__Task to carry out__.
Each line below that includes the word "thesis" is to be reported.

*** Opening of Given records ***

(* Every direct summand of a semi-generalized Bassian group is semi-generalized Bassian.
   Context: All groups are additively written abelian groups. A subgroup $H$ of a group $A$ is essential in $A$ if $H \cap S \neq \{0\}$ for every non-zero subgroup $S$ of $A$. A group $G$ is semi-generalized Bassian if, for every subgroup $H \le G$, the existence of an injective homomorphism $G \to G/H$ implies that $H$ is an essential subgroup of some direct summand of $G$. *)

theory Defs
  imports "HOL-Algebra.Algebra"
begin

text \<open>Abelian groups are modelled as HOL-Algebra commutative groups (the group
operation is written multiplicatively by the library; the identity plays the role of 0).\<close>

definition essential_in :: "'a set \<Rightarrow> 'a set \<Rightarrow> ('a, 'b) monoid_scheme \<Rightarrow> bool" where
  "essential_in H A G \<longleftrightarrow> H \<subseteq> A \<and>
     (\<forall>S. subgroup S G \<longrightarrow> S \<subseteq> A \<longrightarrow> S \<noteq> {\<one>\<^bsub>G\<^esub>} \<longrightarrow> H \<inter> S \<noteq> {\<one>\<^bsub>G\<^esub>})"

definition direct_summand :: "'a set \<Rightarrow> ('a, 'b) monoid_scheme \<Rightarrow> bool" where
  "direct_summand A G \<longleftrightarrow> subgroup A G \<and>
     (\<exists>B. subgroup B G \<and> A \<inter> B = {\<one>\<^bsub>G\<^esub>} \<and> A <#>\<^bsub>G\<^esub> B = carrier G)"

*** Close of Given records ***
*** Opening of Given records ***

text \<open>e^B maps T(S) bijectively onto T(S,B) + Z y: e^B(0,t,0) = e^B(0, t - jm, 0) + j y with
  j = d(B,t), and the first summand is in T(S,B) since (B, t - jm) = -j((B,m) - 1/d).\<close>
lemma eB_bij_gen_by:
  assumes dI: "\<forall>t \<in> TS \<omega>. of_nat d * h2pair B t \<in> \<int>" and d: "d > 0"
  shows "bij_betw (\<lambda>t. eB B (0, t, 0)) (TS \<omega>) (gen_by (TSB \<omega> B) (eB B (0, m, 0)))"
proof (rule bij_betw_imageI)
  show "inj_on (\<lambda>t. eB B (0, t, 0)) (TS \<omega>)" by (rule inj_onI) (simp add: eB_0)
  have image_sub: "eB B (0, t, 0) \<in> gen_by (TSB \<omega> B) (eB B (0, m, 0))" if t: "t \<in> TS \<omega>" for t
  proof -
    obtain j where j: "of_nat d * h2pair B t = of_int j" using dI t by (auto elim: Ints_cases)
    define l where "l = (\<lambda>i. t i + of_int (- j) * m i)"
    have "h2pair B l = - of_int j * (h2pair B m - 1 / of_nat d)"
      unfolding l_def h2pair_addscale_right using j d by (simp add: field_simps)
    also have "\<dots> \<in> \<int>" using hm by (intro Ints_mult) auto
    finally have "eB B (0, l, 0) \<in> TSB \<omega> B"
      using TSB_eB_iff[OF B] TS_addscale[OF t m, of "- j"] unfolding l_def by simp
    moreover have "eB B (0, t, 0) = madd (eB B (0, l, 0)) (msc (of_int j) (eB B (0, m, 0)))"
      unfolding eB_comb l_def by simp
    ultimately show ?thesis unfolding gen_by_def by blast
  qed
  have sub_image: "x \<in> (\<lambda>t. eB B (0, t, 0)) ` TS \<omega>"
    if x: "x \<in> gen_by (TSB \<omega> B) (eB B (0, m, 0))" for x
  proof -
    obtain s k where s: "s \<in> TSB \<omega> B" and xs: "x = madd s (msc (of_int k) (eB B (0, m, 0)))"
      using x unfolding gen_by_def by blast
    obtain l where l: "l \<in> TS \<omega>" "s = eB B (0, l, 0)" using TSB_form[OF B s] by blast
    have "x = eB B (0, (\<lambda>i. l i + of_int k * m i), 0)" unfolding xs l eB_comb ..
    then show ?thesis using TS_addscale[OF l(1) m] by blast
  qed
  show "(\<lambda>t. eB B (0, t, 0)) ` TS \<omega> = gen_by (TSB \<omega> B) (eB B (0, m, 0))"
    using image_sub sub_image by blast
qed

*** Close of Given records ***

__Final answer__.
    ultimately show ?thesis unfolding gen_by_def by blast
    then show ?thesis using TS_addscale[OF l(1) m] by blast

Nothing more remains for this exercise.